Дело Хейдона


Дело Хейдона (1584 г.) 76 ER 637 считается знаковым делом , поскольку это было первое дело, в котором для толкования закона использовалось то, что впоследствии стало называться правилом о вреде . Правило о нанесении вреда является более гибким, чем золотое или буквальное правило , поскольку правило о нанесении вреда требует, чтобы судьи рассмотрели четыре задачи, чтобы убедиться, что пробелы в законе закрыты.

Колледж Оттери, [1] религиозный колледж, предоставил аренду в поместье, также называемом Оттери , человеку (названному в отчете просто как «Уэр») и его сыну, также называемому Уэр.

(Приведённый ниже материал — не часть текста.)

(* Let $F,F',G,G'$ be graphs, all with the same vertex set contained in $\{v_1,\ldots,v_n\}$, such that $F\cong F'$, $|E(G)|=|E(G')|$ and $E(F)\cap E(G)=E(F')\cap E(G')=\emptyset$. Then $$\pi\big(F\cup G,\mathfrak C(F,G)\big)=\pi\big(F'\cup G',\mathfrak C(F',G')\big),$$ where $\mathfrak C(F,G)$ denotes the set of all clique covers $\mathcal C$ of $F\cup G$ with $E(G)\subseteq\mathcal C\subseteq\mathcal P(F\cup G)\setminus E(F)$ (edges being regarded as $2$-element vertex sets), and similarly for $\mathfrak C(F',G')$.
   Context: Random intersection graph $\mathcal G(n,m,p)$: vertices $v_1,\ldots,v_n$, attributes $a_1,\ldots,a_m$; each vertex chooses each attribute independently with probability $p$; two vertices are adjacent iff they chose a common attribute. For a graph $H$, $\mathcal P(H)$ is the family of subsets of $V(H)$ containing both ends of at least one edge of $H$. $\mathcal C\subseteq\mathcal P(H)$ is a clique cover of $H$ if every edge of $H$ is contained in some $C\in\mathcal C$. An attribute builds $C\subseteq V(H)$ if all vertices of $C$ and no vertex of $V(H)\setminus C$ chose it. $H$ is given by the clique cover $\mathcal C$ if every $C\in\mathcal C$ is built by some attribute and no $C\in\mathcal P(H)\setminus\mathcal C$ is built by any attribute; $\pi(H,\mathcal C)$ is its probability, and for a family $\mathfrak C$ of clique covers $\pi(H,\mathfrak C)=\sum_{\mathcal C\in\mathfrak C}\pi(H,\mathcal C)$. $F\cup G$ is the graph with vertex set $V(F)\cup V(G)$ and edge set $E(F)\cup E(G)$. *)

theory Defs
  imports "HOL-Probability.Probability"
begin

(* A graph is a pair (V, E): V a vertex set, E a set of 2-element subsets of V.
   Vertices v_1..v_n are the naturals 1..n, attributes a_1..a_m are 1..m. *)
type_synonym graph = "nat set \<times> nat set set"

definition verts :: "graph \<Rightarrow> nat set" where "verts H = fst H"
definition edges :: "graph \<Rightarrow> nat set set" where "edges H = snd H"

definition is_graph :: "nat \<Rightarrow> graph \<Rightarrow> bool" where
  "is_graph n H \<longleftrightarrow> verts H \<subseteq> {1..n} \<and>
     (\<forall>e\<in>edges H. e \<subseteq> verts H \<and> card e = 2)"

definition graph_union :: "graph \<Rightarrow> graph \<Rightarrow> graph" where
  "graph_union F G = (verts F \<union> verts G, edges F \<union> edges G)"

definition graph_iso :: "graph \<Rightarrow> graph \<Rightarrow> bool" where
  "graph_iso F F' \<longleftrightarrow> (\<exists>f. bij_betw f (verts F) (verts F') \<and>
     (\<forall>e. e \<subseteq> verts F \<longrightarrow> (e \<in> edges F \<longleftrightarrow> f ` e \<in> edges F')))"

definition PH :: "graph \<Rightarrow> nat set set" where
  "PH H = {S. S \<subseteq> verts H \<and> (\<exists>e\<in>edges H. e \<subseteq> S)}"

definition clique_cover :: "graph \<Rightarrow> nat set set \<Rightarrow> bool" where
  "clique_cover H \<C> \<longleftrightarrow> \<C> \<subseteq> PH H \<and> (\<forall>e\<in>edges H. \<exists>C\<in>\<C>. e \<subseteq> C)"

(* The random choices: R (v, a) = True iff vertex v chose attribute a.
   Each pair (v,a), v \<in> {1..n}, a \<in> {1..m}, independently with probability p. *)
definition RIG :: "nat \<Rightarrow> nat \<Rightarrow> real \<Rightarrow> (nat \<times> nat \<Rightarrow> bool) pmf" where
  "RIG n m p = Pi_pmf ({1..n} \<times> {1..m}) False (\<lambda>_. bernoulli_pmf p)"

definition builds :: "(nat \<times> nat \<Rightarrow> bool) \<Rightarrow> graph \<Rightarrow> nat \<Rightarrow> nat set \<Rightarrow> bool" where
  "builds R H a C \<longleftrightarrow> (\<forall>v\<in>C. R (v, a)) \<and> (\<forall>v\<in>verts H - C. \<not> R (v, a))"

definition given_by :: "nat \<Rightarrow> (nat \<times> nat \<Rightarrow> bool) \<Rightarrow> graph \<Rightarrow> nat set set \<Rightarrow> bool" where
  "given_by m R H \<C> \<longleftrightarrow>
     (\<forall>C\<in>\<C>. \<exists>a\<in>{1..m}. builds R H a C) \<and>
     (\<forall>C\<in>PH H - \<C>. \<not> (\<exists>a\<in>{1..m}. builds R H a C))"

definition pi_cc :: "nat \<Rightarrow> nat \<Rightarrow> real \<Rightarrow> graph \<Rightarrow> nat set set \<Rightarrow> real" where
  "pi_cc n m p H \<C> = measure_pmf.prob (RIG n m p) {R. given_by m R H \<C>}"

definition pi_fam :: "nat \<Rightarrow> nat \<Rightarrow> real \<Rightarrow> graph \<Rightarrow> nat set set set \<Rightarrow> real" where
  "pi_fam n m p H \<CC> = (\<Sum>\<C>\<in>\<CC>. pi_cc n m p H \<C>)"

definition CFG :: "graph \<Rightarrow> graph \<Rightarrow> nat set set set" where
  "CFG F G = {\<C>. clique_cover (graph_union F G) \<C> \<and> edges G \<subseteq> \<C> \<and>
                 \<C> \<subseteq> PH (graph_union F G) - edges F}"

end

(*
  Summing over the covers in the family C(F,G), the event is that the sets built by the attributes
  contain every edge of G, contain no edge of F, and each edge of F lies strictly inside one of them.
  So the probability only depends on the family T of vertex sets of the attributes, through
  E(F) and E(G).  Take an isomorphism f of F onto F' and a permutation tau of the 2-subsets of V
  that maps E(F) onto E(F') and E(G) onto E(G').  Relabel every attribute's vertex set S as tau S
  when |S| = 2 and as f(S) otherwise.  This is a size-preserving permutation of the subsets of V,
  and the weight p^|S| (1-p)^(|V|-|S|) of a column only depends on |S|, so the relabelling
  preserves the law of the random intersection graph.  It also turns the event for (F,G) into
  the event for (F',G').
*)
theory Submission
  imports Defs "HOL-Library.Ramsey"
begin

lemma verts_graph_union [simp]: "verts (graph_union F G) = verts F \<union> verts G"
  and edges_graph_union [simp]: "edges (graph_union F G) = edges F \<union> edges G"
  unfolding graph_union_def verts_def edges_def by simp_all

lemma in_nsets_2_iff: "U \<in> [V]\<^bsup>2\<^esup> \<longleftrightarrow> U \<subseteq> V \<and> card U = 2"
  unfolding nsets_def using card_ge_0_finite[of U] by auto

lemma is_graph_edges_nsets: "is_graph n H \<Longrightarrow> edges H \<subseteq> [verts H]\<^bsup>2\<^esup>"
  unfolding is_graph_def by (auto simp: in_nsets_2_iff)

lemma graph_iso_edges_image:
  assumes "graph_iso F F'" "is_graph n F" "is_graph n F'"
  obtains f where "bij_betw f (verts F) (verts F')" "(\<lambda>e. f ` e) ` edges F = edges F'"
proof -
  obtain f where f: "bij_betw f (verts F) (verts F')"
    and iso: "\<forall>e. e \<subseteq> verts F \<longrightarrow> (e \<in> edges F \<longleftrightarrow> f ` e \<in> edges F')"
    using assms(1) unfolding graph_iso_def by blast
  have edges_F: "e \<subseteq> verts F" if "e \<in> edges F" for e
    using assms(2) that unfolding is_graph_def by blast
  have edges_F': "e' \<subseteq> f ` verts F" if "e' \<in> edges F'" for e'
    using assms(3) that f unfolding is_graph_def bij_betw_def by simp
  have "(\<lambda>e. f ` e) ` edges F = edges F'"
  proof (intro equalityI subsetI)
    fix e' assume "e' \<in> (\<lambda>e. f ` e) ` edges F"
    then obtain e where e: "e \<in> edges F" "e' = f ` e"
      by blast
    then show "e' \<in> edges F'"
      using iso[rule_format, OF edges_F[OF e(1)]] by simp
  next
    fix e' assume e': "e' \<in> edges F'"
    then obtain e where e: "e \<subseteq> verts F" "e' = f ` e"
      using edges_F'[OF e'] unfolding subset_image_iff by blast
    then have "e \<in> edges F"
      using iso[rule_format, OF e(1)] e' by simp
    then show "e' \<in> (\<lambda>e. f ` e) ` edges F"
      using e(2) by blast
  qed
  with f show thesis
    by (rule that)
qed

lemma graph_iso_card_edges:
  assumes "graph_iso F F'" "is_graph n F" "is_graph n F'"
  shows "card (edges F) = card (edges F')"
proof -
  obtain f where f: "bij_betw f (verts F) (verts F')" and f_edges: "(\<lambda>e. f ` e) ` edges F = edges F'"
    by (rule graph_iso_edges_image[OF assms])
  have "edges F \<subseteq> Pow (verts F)"
    using assms(2) unfolding is_graph_def by blast
  then have "inj_on (\<lambda>e. f ` e) (edges F)"
    by (rule inj_on_subset[OF inj_on_image_Pow[OF bij_betw_imp_inj_on[OF f]]])
  then show ?thesis
    using f_edges card_image by fastforce
qed

definition attr_set :: "nat set \<Rightarrow> (nat \<times> nat \<Rightarrow> bool) \<Rightarrow> nat \<Rightarrow> nat set" where
  "attr_set V R a = {v \<in> V. R (v, a)}"

definition built_sets :: "nat \<Rightarrow> (nat \<times> nat \<Rightarrow> bool) \<Rightarrow> graph \<Rightarrow> nat set set" where
  "built_sets m R H = PH H \<inter> attr_set (verts H) R ` {1..m}"

lemma builds_iff_attr_set_eq:
  "S \<subseteq> verts H \<Longrightarrow> builds R H a S \<longleftrightarrow> attr_set (verts H) R a = S"
  unfolding builds_def attr_set_def by auto

lemma given_by_iff_eq_built_sets:
  assumes "\<C> \<subseteq> PH H"
  shows "given_by m R H \<C> \<longleftrightarrow> \<C> = built_sets m R H"
proof -
  have "PH H \<subseteq> Pow (verts H)"
    unfolding PH_def by auto
  then have "\<And>S. S \<in> PH H \<Longrightarrow> (\<exists>a\<in>{1..m}. builds R H a S) \<longleftrightarrow> S \<in> attr_set (verts H) R ` {1..m}"
    using builds_iff_attr_set_eq by blast
  then show ?thesis
    using assms unfolding given_by_def built_sets_def by blast
qed

lemma pi_fam_eq_prob_built_sets:
  assumes "finite \<CC>" "\<forall>\<C>\<in>\<CC>. \<C> \<subseteq> PH H"
  shows "pi_fam n m p H \<CC> = measure_pmf.prob (RIG n m p) {R. built_sets m R H \<in> \<CC>}"
proof -
  have given_by: "\<And>\<C> R. \<C> \<in> \<CC> \<Longrightarrow> given_by m R H \<C> \<longleftrightarrow> \<C> = built_sets m R H"
    using assms(2) given_by_iff_eq_built_sets by blast
  have "pi_fam n m p H \<CC> = measure_pmf.prob (RIG n m p) (\<Union>\<C>\<in>\<CC>. {R. given_by m R H \<C>})"
    unfolding pi_fam_def pi_cc_def
    by (rule measure_pmf.finite_measure_finite_Union[symmetric])
       (use assms(1) given_by in \<open>auto simp: disjoint_family_on_def\<close>)
  also have "(\<Union>\<C>\<in>\<CC>. {R. given_by m R H \<C>}) = {R. built_sets m R H \<in> \<CC>}"
    using given_by by auto
  finally show ?thesis .
qed

lemma covered_iff_strictly_covered:
  assumes G: "EG \<subseteq> \<T>" and F: "\<forall>e\<in>EF. e \<notin> \<T>"
  shows "(\<forall>e\<in>EF \<union> EG. \<exists>T\<in>\<T>. e \<subseteq> T) \<longleftrightarrow> (\<forall>e\<in>EF. \<exists>T\<in>\<T>. e \<subset> T)"
proof
  assume covered: "\<forall>e\<in>EF \<union> EG. \<exists>T\<in>\<T>. e \<subseteq> T"
  show "\<forall>e\<in>EF. \<exists>T\<in>\<T>. e \<subset> T"
  proof
    fix e assume e: "e \<in> EF"
    then obtain T where "T \<in> \<T>" "e \<subseteq> T"
      using covered by blast
    moreover have "e \<noteq> T"
      using \<open>T \<in> \<T>\<close> e F by blast
    ultimately show "\<exists>T\<in>\<T>. e \<subset> T"
      by blast
  qed
next
  assume "\<forall>e\<in>EF. \<exists>T\<in>\<T>. e \<subset> T"
  then show "\<forall>e\<in>EF \<union> EG. \<exists>T\<in>\<T>. e \<subseteq> T"
    using G by blast
qed

definition realizes :: "'a set set \<Rightarrow> 'a set set \<Rightarrow> 'a set set \<Rightarrow> bool" where
  "realizes EF EG \<T> \<longleftrightarrow> EG \<subseteq> \<T> \<and> (\<forall>e\<in>EF. e \<notin> \<T>) \<and> (\<forall>e\<in>EF. \<exists>T\<in>\<T>. e \<subset> T)"

lemma PH_Int_in_CFG_iff_realizes:
  assumes "\<forall>e\<in>edges F \<union> edges G. e \<subseteq> verts F \<union> verts G"
    and "\<T> \<subseteq> Pow (verts F \<union> verts G)"
  shows "PH (graph_union F G) \<inter> \<T> \<in> CFG F G \<longleftrightarrow> realizes (edges F) (edges G) \<T>"
proof -
  let ?H = "graph_union F G"
  let ?\<C> = "PH ?H \<inter> \<T>"
  have edges_PH: "edges F \<union> edges G \<subseteq> PH ?H"
    using assms(1) unfolding PH_def by auto
  have "(\<exists>C\<in>?\<C>. e \<subseteq> C) \<longleftrightarrow> (\<exists>T\<in>\<T>. e \<subseteq> T)" if "e \<in> edges F \<union> edges G" for e
    using assms(2) that unfolding PH_def by auto
  then have "(\<forall>e\<in>edges F \<union> edges G. \<exists>C\<in>?\<C>. e \<subseteq> C) \<longleftrightarrow> (\<forall>e\<in>edges F \<union> edges G. \<exists>T\<in>\<T>. e \<subseteq> T)"
    by (rule ball_cong[OF refl])
  then have cover_iff: "clique_cover ?H ?\<C> \<longleftrightarrow> (\<forall>e\<in>edges F \<union> edges G. \<exists>T\<in>\<T>. e \<subseteq> T)"
    unfolding clique_cover_def edges_graph_union by (simp only: Int_lower1 simp_thms)
  have G_iff: "edges G \<subseteq> ?\<C> \<longleftrightarrow> edges G \<subseteq> \<T>"
    using edges_PH by blast
  have F_iff: "?\<C> \<subseteq> PH ?H - edges F \<longleftrightarrow> (\<forall>e\<in>edges F. e \<notin> \<T>)"
    using edges_PH by blast
  have "?\<C> \<in> CFG F G \<longleftrightarrow> clique_cover ?H ?\<C> \<and> edges G \<subseteq> ?\<C> \<and> ?\<C> \<subseteq> PH ?H - edges F"
    unfolding CFG_def mem_Collect_eq by (rule refl)
  also have "\<dots> \<longleftrightarrow>
      (\<forall>e\<in>edges F \<union> edges G. \<exists>T\<in>\<T>. e \<subseteq> T) \<and> edges G \<subseteq> \<T> \<and> (\<forall>e\<in>edges F. e \<notin> \<T>)"
    unfolding cover_iff G_iff F_iff ..
  also have "\<dots> \<longleftrightarrow> realizes (edges F) (edges G) \<T>"
    using covered_iff_strictly_covered[of "edges G" \<T> "edges F"] unfolding realizes_def by argo
  finally show ?thesis .
qed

Аренда была установлена ​​копигольдом . Уэр и его сын сохранили свое авторское право на всю жизнь, подчиняясь воле лорда и обычаям поместья. Копихолд Wares был частью участка, который также был занят некоторыми арендаторами по желанию. Позже колледж сдал тот же участок в аренду другому человеку по имени Хейдон на восемьдесят лет в обмен на арендную плату, равную традиционной арендной плате за компоненты участка.

Менее чем через год после того, как участок был сдан в аренду Хейдону, парламент принял Закон 1535 года о запрещении деятельности религиозных домов (Акт о роспуске). Статут привел к роспуску многих религиозных колледжей, в том числе колледжа Оттери , который потерял свои земли и арендную плату Генриху VIII. Однако положение Закона сохраняло в силе пожизненно любые субсидии, которые были предоставлены более чем за год до вступления в силу закона.

Суд казначейства постановил, что передача товаров была защищена соответствующим положением Закона о роспуске, но договор аренды с Хейдоном был недействителен.

Постановление было основано на важном обсуждении отношения закона к ранее существовавшему общему праву . Суд пришел к выводу, что цель статута заключалась в устранении вреда, причиненного нарушением общего права. Таким образом, суд пришел к выводу, что средство правовой защиты, предусмотренное законом, ограничивается устранением этого дефекта. Предполагается, что судьи толкуют законодательные акты, выясняя истинные намерения составителей закона, которые, как предполагается, являются pro bono publico или намерениями для общественного блага.